Because performance issues and anomalies can be quickly identified and resolved, MTTR for production issues has been improved upon by 92%. LightStep also offers a quick time-to-value. In fact, by implementing LightStep [x]PM, Twilio found issues in their first hour of use that led to a 70% reduction in latency. Now, with new information from LightStep visualizations, the Insight Engineering team has saved 20 hours a week that they can spend elsewhere and not on monitoring. Finally, for Twilio top-tier customers, segmented and detailed performance monitoring and root cause analysis has been added, helping Twilio quickly gain the confidence and trust of their highest revenue-generating customers.
Additional information on LightStep customers is available here.
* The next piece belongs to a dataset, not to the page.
(* Assume the genus-two setting described in the context (so $N=1$), and let $\alpha$ be one of the branchpoints $\alpha_0,\dots,\alpha_5$, regarded as an independent complex variable (all other branchpoints, the function $f$ and the contours being held fixed). Assume that the modulation equation $K(\alpha)=0$ holds at this branchpoint. Then, for $z$ inside the loop $\hat\gamma$ but outside the loops $\hat\gamma_m$ and $\hat\gamma_c$, \[ \frac{\partial K(z)}{\partial \alpha}=\frac{h(z)}{R(z)}\left[\frac{D}{2(z-\alpha)}+\frac{\partial D}{\partial \alpha}\right]. \]
   Context: Let $\alpha_0,\alpha_2,\alpha_4$ be distinct points in the open upper half-plane and $\alpha_1=\bar\alpha_0$, $\alpha_3=\bar\alpha_2$, $\alpha_5=\bar\alpha_4$. Let $R(z)=\big[\prod_{i=0}^{5}(z-\alpha_i)\big]^{1/2}$, with branchcuts along the main arcs: $\gamma_{m,0}$ (oriented from $\alpha_1$ to $\alpha_0$), $\gamma_m^+$ (from $\alpha_2$ to $\alpha_4$) and $\gamma_m^-$ (from $\alpha_5$ to $\alpha_3$); set $\gamma_m=\gamma_m^+\cup\gamma_m^-$. The complementary arcs are $\gamma_c^+$ (from $\alpha_0$ to $\alpha_2$) and $\gamma_c^-$ (from $\alpha_3$ to $\alpha_1$), $\gamma_c=\gamma_c^+\cup\gamma_c^-$; $\gamma$ is the union of all main and complementary arcs with these orientations. The function $f(z)$ is analytic in the upper half-plane except for finitely many logarithmic branchcuts and isolated singularities (none on the main arcs), and is extended to the lower half-plane by Schwarz reflection. Contours: $\hat\gamma$ is a loop around $\gamma$; $\hat\gamma_m$ consists of loops around the arcs of $\gamma_m$; $\hat\gamma_c$ consists of two oppositely oriented arcs around $\gamma_c$ (so that integrals over arcs of $1/R_+$ become half of the loop integrals); all are contractible onto their arcs. Define \[ D=\det\begin{pmatrix}\oint_{\hat\gamma_m}\frac{d\zeta}{R(\zeta)}&\oint_{\hat\gamma_m}\frac{\zeta\,d\zeta}{R(\zeta)}\\ \oint_{\hat\gamma_c}\frac{d\zeta}{R(\zeta)}&\oint_{\hat\gamma_c}\frac{\zeta\,d\zeta}{R(\zeta)}\end{pmatrix},\quad K(z)=\frac{1}{2\pi i}\det\begin{pmatrix}\oint_{\hat\gamma_m}\frac{d\zeta}{R(\zeta)}&\oint_{\hat\gamma_m}\frac{\zeta\,d\zeta}{R(\zeta)}&\oint_{\hat\gamma_m}\frac{d\zeta}{(\zeta-z)R(\zeta)}\\ \oint_{\hat\gamma_c}\frac{d\zeta}{R(\zeta)}&\oint_{\hat\gamma_c}\frac{\zeta\,d\zeta}{R(\zeta)}&\oint_{\hat\gamma_c}\frac{d\zeta}{(\zeta-z)R(\zeta)}\\ \oint_{\hat\gamma}\frac{f(\zeta)d\zeta}{R(\zeta)}&\oint_{\hat\gamma}\frac{\zeta f(\zeta)d\zeta}{R(\zeta)}&\oint_{\hat\gamma}\frac{f(\zeta)d\zeta}{(\zeta-z)R(\zeta)}\end{pmatrix}. \] ($D\neq0$ for distinct branchpoints.) Let the constants $W,\Omega$ be determined by the linear equations $\oint_{\hat\gamma}\frac{\zeta^k f(\zeta)}{R(\zeta)}d\zeta+W\oint_{\hat\gamma_m}\frac{\zeta^k}{R(\zeta)}d\zeta+\Omega\oint_{\hat\gamma_c}\frac{\zeta^k}{R(\zeta)}d\zeta=0$, $k=0,1$, and for $z$ inside $\hat\gamma$ but outside $\hat\gamma_m,\hat\gamma_c$ let \[ h(z)=\frac{R(z)}{2\pi i}\Big[\oint_{\hat\gamma}\frac{f(\zeta)d\zeta}{(\zeta-z)R(\zeta)}+\oint_{\hat\gamma_m}\frac{W\,d\zeta}{(\zeta-z)R(\zeta)}+\oint_{\hat\gamma_c}\frac{\Omega\,d\zeta}{(\zeta-z)R(\zeta)}\Big] \] (equivalently $h=2g-f$ where $g$ solves the scalar RHP $g_++g_-=f+W_j$ on main arcs, $W_0=0$, $g_+-g_-=\Omega$ on complementary arcs, $g$ analytic at $\infty$). One has $h(z)=R(z)K(z)/D$. The modulation equation at a branchpoint $\alpha_{2j}$ is $K(\alpha_{2j})=0$, where $\alpha_{2j}$ is taken inside the loops around the arcs adjacent to it but outside all other loops. *)

theory Defs
  imports "HOL-Complex_Analysis.Complex_Analysis"
begin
LightStep is taking a different approach to APM, offering a solution that employs distributed tracing through the OpenTracing standard (along with others who support OpenTracing such as Jaeger and ZipKin)—ideal for the scale of today’s complex applications that generate volumes and volumes of data. LightStep [x]PM tracks 100% of transactions across all services, and employs a statistical engine that can quickly and conclusively identify issues and anomalies.
It remains to be seen whether or not traditional APM vendors will fully support the OpenTracing standard though vendors such as New Relic, Datadog and Instana have all signed on to the project. In fact, some argue that OpenTracing isn’t really a standard, but rather it is an API. Call it what you will. OpenTracing has the support of the CNCF with 236 members as of June 2018— members including Amazon AWS, Dell, Azure, Cisco, Docker, RedHat, VMware, Twitter and Google Cloud. Beyond that, LightStep’s impressive customer list and the tangible results those customers are seeing illustrates the value of the solution for a variety of use cases across a range of industries. For these reasons, Clabby Analytics believes that both established enterprises as well as technology-driven start-ups should look closely at LightStep [x]PM.